■ Extracted data entries:
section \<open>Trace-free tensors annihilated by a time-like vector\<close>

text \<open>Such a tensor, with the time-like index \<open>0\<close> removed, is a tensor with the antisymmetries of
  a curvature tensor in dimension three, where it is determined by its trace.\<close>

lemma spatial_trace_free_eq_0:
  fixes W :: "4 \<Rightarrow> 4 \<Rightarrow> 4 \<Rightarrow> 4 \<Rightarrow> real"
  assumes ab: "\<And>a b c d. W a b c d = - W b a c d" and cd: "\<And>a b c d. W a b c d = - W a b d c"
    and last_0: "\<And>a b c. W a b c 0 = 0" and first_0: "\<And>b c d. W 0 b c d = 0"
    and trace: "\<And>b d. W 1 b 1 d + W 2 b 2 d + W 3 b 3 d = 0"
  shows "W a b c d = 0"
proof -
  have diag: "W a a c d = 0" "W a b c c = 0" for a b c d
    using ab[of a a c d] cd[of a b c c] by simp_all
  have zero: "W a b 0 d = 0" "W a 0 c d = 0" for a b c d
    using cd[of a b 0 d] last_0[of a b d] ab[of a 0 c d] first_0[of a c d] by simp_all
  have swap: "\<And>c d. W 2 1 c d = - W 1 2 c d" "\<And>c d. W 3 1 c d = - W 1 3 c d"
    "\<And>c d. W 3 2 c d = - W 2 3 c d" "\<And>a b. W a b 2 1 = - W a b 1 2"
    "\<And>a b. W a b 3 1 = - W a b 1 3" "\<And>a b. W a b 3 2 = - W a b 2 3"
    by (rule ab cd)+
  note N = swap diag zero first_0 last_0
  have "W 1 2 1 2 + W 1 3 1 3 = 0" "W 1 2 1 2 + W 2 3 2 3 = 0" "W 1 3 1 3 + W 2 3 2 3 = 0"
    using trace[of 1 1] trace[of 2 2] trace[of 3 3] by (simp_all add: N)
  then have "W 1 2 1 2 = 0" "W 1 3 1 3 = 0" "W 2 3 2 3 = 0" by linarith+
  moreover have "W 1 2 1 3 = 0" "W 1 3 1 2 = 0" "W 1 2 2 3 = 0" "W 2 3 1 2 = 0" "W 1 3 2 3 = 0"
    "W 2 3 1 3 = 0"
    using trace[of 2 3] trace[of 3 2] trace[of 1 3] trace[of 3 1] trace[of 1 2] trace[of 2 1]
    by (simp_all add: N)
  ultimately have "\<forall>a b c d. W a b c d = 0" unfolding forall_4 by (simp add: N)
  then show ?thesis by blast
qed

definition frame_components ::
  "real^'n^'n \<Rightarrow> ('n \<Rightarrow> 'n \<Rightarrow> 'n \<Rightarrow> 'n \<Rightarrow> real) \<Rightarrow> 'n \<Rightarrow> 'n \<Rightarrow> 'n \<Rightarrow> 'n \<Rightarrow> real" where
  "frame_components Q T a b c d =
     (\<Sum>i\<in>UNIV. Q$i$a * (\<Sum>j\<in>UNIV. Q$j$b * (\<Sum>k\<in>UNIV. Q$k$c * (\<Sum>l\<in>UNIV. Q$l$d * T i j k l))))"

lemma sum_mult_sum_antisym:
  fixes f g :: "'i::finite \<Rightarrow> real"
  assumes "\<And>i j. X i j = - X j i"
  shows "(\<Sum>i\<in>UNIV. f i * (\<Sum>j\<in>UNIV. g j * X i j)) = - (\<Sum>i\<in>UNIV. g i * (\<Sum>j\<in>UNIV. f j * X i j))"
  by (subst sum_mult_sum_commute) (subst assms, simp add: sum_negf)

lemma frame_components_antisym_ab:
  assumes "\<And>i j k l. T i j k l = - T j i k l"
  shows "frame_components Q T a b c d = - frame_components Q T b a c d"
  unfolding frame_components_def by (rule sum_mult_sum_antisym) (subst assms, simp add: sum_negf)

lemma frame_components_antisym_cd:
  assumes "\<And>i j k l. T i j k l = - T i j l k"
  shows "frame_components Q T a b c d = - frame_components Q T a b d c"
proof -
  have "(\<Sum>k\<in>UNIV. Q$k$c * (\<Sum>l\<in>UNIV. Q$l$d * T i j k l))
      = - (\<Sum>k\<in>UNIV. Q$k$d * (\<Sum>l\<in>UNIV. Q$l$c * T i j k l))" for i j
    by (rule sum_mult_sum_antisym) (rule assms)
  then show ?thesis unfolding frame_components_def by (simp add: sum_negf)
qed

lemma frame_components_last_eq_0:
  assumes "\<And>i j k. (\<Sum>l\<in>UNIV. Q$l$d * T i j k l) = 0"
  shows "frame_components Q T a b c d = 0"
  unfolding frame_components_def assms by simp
...
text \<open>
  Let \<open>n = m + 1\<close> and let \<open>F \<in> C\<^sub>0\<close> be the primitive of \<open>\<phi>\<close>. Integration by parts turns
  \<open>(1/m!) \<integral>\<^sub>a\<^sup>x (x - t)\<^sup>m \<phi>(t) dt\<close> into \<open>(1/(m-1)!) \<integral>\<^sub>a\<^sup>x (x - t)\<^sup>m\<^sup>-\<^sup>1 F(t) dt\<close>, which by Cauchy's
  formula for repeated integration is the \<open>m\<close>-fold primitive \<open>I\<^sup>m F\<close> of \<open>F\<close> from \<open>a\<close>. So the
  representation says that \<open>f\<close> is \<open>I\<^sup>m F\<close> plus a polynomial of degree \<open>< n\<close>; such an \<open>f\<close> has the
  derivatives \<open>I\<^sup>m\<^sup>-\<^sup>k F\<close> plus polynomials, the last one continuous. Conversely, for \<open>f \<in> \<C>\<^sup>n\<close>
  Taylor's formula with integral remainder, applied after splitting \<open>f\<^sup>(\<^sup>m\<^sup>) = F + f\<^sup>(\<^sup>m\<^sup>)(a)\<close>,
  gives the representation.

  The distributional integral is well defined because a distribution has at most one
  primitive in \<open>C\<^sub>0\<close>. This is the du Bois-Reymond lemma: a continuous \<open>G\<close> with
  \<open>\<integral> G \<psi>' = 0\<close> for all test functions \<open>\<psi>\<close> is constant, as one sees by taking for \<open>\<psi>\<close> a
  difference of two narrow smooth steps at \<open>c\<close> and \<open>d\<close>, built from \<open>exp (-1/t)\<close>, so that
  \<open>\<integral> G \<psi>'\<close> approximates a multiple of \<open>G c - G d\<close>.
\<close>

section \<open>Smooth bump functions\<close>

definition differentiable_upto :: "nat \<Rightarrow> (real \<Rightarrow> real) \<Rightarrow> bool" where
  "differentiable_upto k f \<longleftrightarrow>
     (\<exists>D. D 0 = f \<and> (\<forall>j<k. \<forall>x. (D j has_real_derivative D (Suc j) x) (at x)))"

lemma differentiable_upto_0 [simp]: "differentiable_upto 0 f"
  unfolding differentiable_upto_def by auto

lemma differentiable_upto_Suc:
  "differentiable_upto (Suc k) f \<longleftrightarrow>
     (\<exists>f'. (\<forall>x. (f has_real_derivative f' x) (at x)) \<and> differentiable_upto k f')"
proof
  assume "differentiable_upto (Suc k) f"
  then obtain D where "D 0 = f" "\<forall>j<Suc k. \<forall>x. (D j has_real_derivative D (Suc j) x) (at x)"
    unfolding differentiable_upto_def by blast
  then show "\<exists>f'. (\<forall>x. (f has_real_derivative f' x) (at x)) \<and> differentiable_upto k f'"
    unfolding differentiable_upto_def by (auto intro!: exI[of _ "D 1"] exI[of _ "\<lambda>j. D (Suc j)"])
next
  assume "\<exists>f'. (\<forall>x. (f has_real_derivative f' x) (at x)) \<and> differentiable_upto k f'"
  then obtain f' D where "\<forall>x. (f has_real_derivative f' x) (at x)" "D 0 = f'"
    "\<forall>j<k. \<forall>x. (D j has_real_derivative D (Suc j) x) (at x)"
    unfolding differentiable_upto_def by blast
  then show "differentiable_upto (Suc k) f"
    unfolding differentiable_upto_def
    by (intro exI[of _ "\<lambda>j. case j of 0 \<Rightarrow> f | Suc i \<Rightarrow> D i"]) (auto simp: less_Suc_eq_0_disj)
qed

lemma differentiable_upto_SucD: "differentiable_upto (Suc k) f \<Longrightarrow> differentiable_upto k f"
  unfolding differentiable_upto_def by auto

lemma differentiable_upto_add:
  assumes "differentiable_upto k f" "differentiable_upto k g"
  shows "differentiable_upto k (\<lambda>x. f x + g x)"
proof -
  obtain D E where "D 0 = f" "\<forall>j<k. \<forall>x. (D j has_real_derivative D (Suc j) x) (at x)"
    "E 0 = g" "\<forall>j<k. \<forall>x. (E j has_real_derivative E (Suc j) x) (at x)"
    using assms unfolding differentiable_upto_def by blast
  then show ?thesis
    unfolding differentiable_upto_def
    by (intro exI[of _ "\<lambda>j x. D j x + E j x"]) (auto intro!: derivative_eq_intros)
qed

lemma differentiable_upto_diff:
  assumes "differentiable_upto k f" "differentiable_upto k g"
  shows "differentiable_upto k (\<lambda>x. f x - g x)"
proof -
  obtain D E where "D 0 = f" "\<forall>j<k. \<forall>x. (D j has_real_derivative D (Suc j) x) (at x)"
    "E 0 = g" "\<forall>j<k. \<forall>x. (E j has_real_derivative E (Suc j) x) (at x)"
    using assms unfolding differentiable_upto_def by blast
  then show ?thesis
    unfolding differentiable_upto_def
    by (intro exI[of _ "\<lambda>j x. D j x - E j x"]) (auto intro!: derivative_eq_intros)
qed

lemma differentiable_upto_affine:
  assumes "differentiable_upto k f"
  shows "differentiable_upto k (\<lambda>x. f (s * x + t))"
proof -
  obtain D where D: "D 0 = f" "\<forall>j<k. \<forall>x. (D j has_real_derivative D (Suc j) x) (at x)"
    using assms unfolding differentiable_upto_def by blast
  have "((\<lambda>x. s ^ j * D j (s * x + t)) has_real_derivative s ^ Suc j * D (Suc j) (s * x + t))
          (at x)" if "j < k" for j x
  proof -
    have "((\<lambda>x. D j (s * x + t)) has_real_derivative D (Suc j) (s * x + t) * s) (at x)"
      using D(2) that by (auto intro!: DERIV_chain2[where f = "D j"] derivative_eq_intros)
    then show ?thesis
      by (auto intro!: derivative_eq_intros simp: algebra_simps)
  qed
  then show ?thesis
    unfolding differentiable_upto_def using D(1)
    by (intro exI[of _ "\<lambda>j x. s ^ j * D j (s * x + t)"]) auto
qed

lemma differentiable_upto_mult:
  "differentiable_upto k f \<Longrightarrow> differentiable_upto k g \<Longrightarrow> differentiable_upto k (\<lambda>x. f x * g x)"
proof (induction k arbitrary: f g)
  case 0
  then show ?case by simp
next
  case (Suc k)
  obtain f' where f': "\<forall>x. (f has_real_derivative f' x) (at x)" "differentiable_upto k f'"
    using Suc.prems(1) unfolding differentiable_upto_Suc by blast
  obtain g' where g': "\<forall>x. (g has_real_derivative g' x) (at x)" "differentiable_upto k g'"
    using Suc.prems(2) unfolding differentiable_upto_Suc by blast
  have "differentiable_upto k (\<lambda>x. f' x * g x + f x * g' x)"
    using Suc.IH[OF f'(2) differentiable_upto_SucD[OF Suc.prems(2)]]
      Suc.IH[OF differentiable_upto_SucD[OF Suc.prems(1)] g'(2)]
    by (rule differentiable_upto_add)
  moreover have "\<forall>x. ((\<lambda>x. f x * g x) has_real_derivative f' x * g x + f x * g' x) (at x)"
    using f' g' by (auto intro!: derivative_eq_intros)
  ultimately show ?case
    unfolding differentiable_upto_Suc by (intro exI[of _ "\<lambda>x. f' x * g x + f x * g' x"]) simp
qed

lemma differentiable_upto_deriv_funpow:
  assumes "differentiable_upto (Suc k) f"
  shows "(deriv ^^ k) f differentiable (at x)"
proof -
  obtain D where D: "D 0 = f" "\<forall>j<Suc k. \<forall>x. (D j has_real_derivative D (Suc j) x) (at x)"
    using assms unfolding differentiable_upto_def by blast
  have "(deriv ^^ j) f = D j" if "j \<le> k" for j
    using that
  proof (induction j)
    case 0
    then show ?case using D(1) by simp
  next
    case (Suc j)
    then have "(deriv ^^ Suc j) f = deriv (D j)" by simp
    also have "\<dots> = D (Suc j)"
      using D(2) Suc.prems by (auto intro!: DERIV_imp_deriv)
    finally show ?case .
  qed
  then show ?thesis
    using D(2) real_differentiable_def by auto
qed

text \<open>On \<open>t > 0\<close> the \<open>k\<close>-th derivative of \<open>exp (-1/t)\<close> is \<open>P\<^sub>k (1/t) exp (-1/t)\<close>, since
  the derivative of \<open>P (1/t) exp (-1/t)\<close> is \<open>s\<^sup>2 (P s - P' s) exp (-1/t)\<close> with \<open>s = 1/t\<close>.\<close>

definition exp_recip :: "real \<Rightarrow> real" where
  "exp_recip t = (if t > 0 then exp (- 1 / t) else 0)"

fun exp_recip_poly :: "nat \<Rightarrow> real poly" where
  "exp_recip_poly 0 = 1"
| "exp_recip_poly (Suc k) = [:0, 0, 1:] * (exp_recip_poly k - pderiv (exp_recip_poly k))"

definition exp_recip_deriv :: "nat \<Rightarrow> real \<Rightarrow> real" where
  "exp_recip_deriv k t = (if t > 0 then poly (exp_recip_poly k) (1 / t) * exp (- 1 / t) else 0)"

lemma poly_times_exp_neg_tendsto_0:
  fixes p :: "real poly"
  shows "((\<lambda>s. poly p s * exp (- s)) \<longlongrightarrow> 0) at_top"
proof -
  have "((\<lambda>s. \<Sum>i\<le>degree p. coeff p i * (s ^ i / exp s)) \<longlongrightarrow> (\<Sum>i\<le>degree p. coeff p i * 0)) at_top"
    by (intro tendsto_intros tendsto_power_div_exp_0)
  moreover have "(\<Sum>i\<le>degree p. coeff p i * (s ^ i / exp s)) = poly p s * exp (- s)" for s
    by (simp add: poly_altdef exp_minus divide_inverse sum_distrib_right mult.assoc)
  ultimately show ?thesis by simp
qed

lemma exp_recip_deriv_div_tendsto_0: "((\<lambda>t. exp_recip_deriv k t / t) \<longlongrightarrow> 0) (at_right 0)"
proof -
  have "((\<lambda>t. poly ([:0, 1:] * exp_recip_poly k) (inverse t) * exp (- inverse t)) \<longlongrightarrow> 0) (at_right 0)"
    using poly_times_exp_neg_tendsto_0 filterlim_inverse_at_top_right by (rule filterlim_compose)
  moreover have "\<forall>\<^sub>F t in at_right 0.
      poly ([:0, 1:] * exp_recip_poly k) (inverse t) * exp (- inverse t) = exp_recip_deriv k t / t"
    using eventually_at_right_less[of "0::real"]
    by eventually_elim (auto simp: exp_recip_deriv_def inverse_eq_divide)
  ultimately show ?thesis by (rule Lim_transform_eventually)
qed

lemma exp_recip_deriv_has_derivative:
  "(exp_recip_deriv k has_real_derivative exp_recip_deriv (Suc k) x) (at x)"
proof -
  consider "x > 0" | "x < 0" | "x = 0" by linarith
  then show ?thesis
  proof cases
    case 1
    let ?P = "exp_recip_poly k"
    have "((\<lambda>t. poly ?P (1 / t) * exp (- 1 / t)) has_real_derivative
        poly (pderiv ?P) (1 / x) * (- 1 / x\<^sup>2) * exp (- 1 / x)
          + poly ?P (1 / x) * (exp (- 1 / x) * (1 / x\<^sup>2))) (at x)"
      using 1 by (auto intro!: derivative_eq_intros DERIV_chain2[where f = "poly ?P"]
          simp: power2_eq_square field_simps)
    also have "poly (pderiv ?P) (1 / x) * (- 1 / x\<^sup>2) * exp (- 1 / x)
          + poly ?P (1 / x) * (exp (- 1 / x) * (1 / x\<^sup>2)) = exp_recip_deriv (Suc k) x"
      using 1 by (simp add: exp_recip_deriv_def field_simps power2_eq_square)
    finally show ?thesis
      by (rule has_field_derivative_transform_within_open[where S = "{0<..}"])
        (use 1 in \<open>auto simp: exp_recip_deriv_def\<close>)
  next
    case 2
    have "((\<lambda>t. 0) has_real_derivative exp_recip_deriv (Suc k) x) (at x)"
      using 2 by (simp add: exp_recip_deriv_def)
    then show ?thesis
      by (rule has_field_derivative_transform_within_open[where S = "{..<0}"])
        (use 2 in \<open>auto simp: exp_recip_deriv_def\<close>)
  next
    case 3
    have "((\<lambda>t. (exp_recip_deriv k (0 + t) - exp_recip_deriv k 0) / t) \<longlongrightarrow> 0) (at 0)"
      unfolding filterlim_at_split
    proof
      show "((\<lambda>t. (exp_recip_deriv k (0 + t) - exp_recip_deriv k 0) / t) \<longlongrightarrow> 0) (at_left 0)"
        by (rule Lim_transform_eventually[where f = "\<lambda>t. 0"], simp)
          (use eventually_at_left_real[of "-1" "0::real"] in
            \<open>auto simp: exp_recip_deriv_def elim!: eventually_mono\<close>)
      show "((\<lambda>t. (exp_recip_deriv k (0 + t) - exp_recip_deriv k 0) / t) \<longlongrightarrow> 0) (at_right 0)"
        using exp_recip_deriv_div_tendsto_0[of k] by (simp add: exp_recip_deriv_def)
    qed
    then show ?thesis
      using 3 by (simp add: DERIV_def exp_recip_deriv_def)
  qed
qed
==
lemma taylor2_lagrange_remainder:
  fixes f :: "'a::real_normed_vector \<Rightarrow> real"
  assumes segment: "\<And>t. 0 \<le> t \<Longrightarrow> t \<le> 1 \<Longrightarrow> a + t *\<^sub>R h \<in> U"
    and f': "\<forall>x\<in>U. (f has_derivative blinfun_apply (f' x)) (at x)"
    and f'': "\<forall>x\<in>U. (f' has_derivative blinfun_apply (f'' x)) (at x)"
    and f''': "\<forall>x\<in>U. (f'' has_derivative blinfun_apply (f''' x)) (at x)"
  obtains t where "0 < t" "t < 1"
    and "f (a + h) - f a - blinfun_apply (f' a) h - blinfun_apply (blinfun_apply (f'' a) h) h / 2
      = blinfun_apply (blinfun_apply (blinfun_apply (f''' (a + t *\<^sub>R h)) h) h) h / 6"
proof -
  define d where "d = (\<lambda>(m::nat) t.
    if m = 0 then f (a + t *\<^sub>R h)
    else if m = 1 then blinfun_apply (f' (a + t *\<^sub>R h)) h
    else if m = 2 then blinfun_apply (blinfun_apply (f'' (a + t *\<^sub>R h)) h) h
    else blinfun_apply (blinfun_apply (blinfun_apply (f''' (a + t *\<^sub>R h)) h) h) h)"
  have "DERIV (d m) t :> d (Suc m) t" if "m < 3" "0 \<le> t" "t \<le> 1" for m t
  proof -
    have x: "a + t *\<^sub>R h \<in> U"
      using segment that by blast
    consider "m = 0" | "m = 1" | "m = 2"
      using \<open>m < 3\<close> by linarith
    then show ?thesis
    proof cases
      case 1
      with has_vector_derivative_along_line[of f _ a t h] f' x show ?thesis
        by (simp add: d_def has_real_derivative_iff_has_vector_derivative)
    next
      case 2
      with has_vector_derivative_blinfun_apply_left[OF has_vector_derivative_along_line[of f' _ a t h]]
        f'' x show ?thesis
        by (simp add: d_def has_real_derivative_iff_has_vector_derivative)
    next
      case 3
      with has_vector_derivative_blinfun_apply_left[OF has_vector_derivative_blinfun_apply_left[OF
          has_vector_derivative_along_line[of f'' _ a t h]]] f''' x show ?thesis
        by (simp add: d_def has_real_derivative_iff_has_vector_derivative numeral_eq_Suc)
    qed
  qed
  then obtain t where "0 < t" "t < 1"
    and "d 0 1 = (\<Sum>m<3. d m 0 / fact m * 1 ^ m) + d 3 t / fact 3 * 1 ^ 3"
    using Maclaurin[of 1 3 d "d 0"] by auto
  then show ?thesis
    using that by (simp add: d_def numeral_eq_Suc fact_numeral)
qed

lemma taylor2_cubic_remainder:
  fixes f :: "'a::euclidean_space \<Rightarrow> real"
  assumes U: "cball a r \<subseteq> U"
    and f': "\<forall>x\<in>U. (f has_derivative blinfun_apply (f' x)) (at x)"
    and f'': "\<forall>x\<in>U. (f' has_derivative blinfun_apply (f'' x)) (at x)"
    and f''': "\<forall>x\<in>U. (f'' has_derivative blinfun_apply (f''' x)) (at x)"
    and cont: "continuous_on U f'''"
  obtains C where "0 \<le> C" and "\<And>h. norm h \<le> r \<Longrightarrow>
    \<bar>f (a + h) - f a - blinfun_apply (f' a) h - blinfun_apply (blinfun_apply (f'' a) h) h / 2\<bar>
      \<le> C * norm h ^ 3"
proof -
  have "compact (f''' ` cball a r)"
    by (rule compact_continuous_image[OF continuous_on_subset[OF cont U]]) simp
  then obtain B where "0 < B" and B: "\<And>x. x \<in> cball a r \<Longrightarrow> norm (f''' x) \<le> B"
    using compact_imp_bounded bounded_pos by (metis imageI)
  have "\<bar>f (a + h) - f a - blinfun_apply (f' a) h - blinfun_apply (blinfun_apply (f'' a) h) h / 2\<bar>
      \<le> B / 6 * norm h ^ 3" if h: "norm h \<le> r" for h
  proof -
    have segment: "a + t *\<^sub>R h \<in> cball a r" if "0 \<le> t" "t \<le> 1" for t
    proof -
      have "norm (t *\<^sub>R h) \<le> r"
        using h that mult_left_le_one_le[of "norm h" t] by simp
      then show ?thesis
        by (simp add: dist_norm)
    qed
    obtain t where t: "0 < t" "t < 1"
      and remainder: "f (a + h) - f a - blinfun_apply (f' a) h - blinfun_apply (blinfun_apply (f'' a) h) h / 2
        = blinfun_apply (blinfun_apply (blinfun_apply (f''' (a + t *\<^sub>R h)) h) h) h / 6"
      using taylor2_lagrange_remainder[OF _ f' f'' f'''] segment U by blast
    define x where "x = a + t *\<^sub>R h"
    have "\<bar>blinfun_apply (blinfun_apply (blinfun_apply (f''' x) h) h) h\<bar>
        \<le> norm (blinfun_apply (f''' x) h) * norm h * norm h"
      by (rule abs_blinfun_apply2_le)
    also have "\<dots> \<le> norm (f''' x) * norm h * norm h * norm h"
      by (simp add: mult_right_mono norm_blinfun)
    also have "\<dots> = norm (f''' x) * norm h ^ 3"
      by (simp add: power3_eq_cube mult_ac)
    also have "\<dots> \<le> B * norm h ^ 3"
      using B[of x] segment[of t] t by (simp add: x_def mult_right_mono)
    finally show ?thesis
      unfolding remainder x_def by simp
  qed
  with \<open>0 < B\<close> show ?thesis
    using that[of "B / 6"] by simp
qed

■ What the task asks:
Scan the lines above for "section \<open>Trace-free tensors" and for "note N = swap diag zero first_0 last_0". Repeat exactly the line holding each of them and every line in between.

■ Response to the task:
section \<open>Trace-free tensors annihilated by a time-like vector\<close>

text \<open>Such a tensor, with the time-like index \<open>0\<close> removed, is a tensor with the antisymmetries of
  a curvature tensor in dimension three, where it is determined by its trace.\<close>

lemma spatial_trace_free_eq_0:
  fixes W :: "4 \<Rightarrow> 4 \<Rightarrow> 4 \<Rightarrow> 4 \<Rightarrow> real"
  assumes ab: "\<And>a b c d. W a b c d = - W b a c d" and cd: "\<And>a b c d. W a b c d = - W a b d c"
    and last_0: "\<And>a b c. W a b c 0 = 0" and first_0: "\<And>b c d. W 0 b c d = 0"
    and trace: "\<And>b d. W 1 b 1 d + W 2 b 2 d + W 3 b 3 d = 0"
  shows "W a b c d = 0"
proof -
  have diag: "W a a c d = 0" "W a b c c = 0" for a b c d
    using ab[of a a c d] cd[of a b c c] by simp_all
  have zero: "W a b 0 d = 0" "W a 0 c d = 0" for a b c d
    using cd[of a b 0 d] last_0[of a b d] ab[of a 0 c d] first_0[of a c d] by simp_all
  have swap: "\<And>c d. W 2 1 c d = - W 1 2 c d" "\<And>c d. W 3 1 c d = - W 1 3 c d"
    "\<And>c d. W 3 2 c d = - W 2 3 c d" "\<And>a b. W a b 2 1 = - W a b 1 2"
    "\<And>a b. W a b 3 1 = - W a b 1 3" "\<And>a b. W a b 3 2 = - W a b 2 3"
    by (rule ab cd)+
  note N = swap diag zero first_0 last_0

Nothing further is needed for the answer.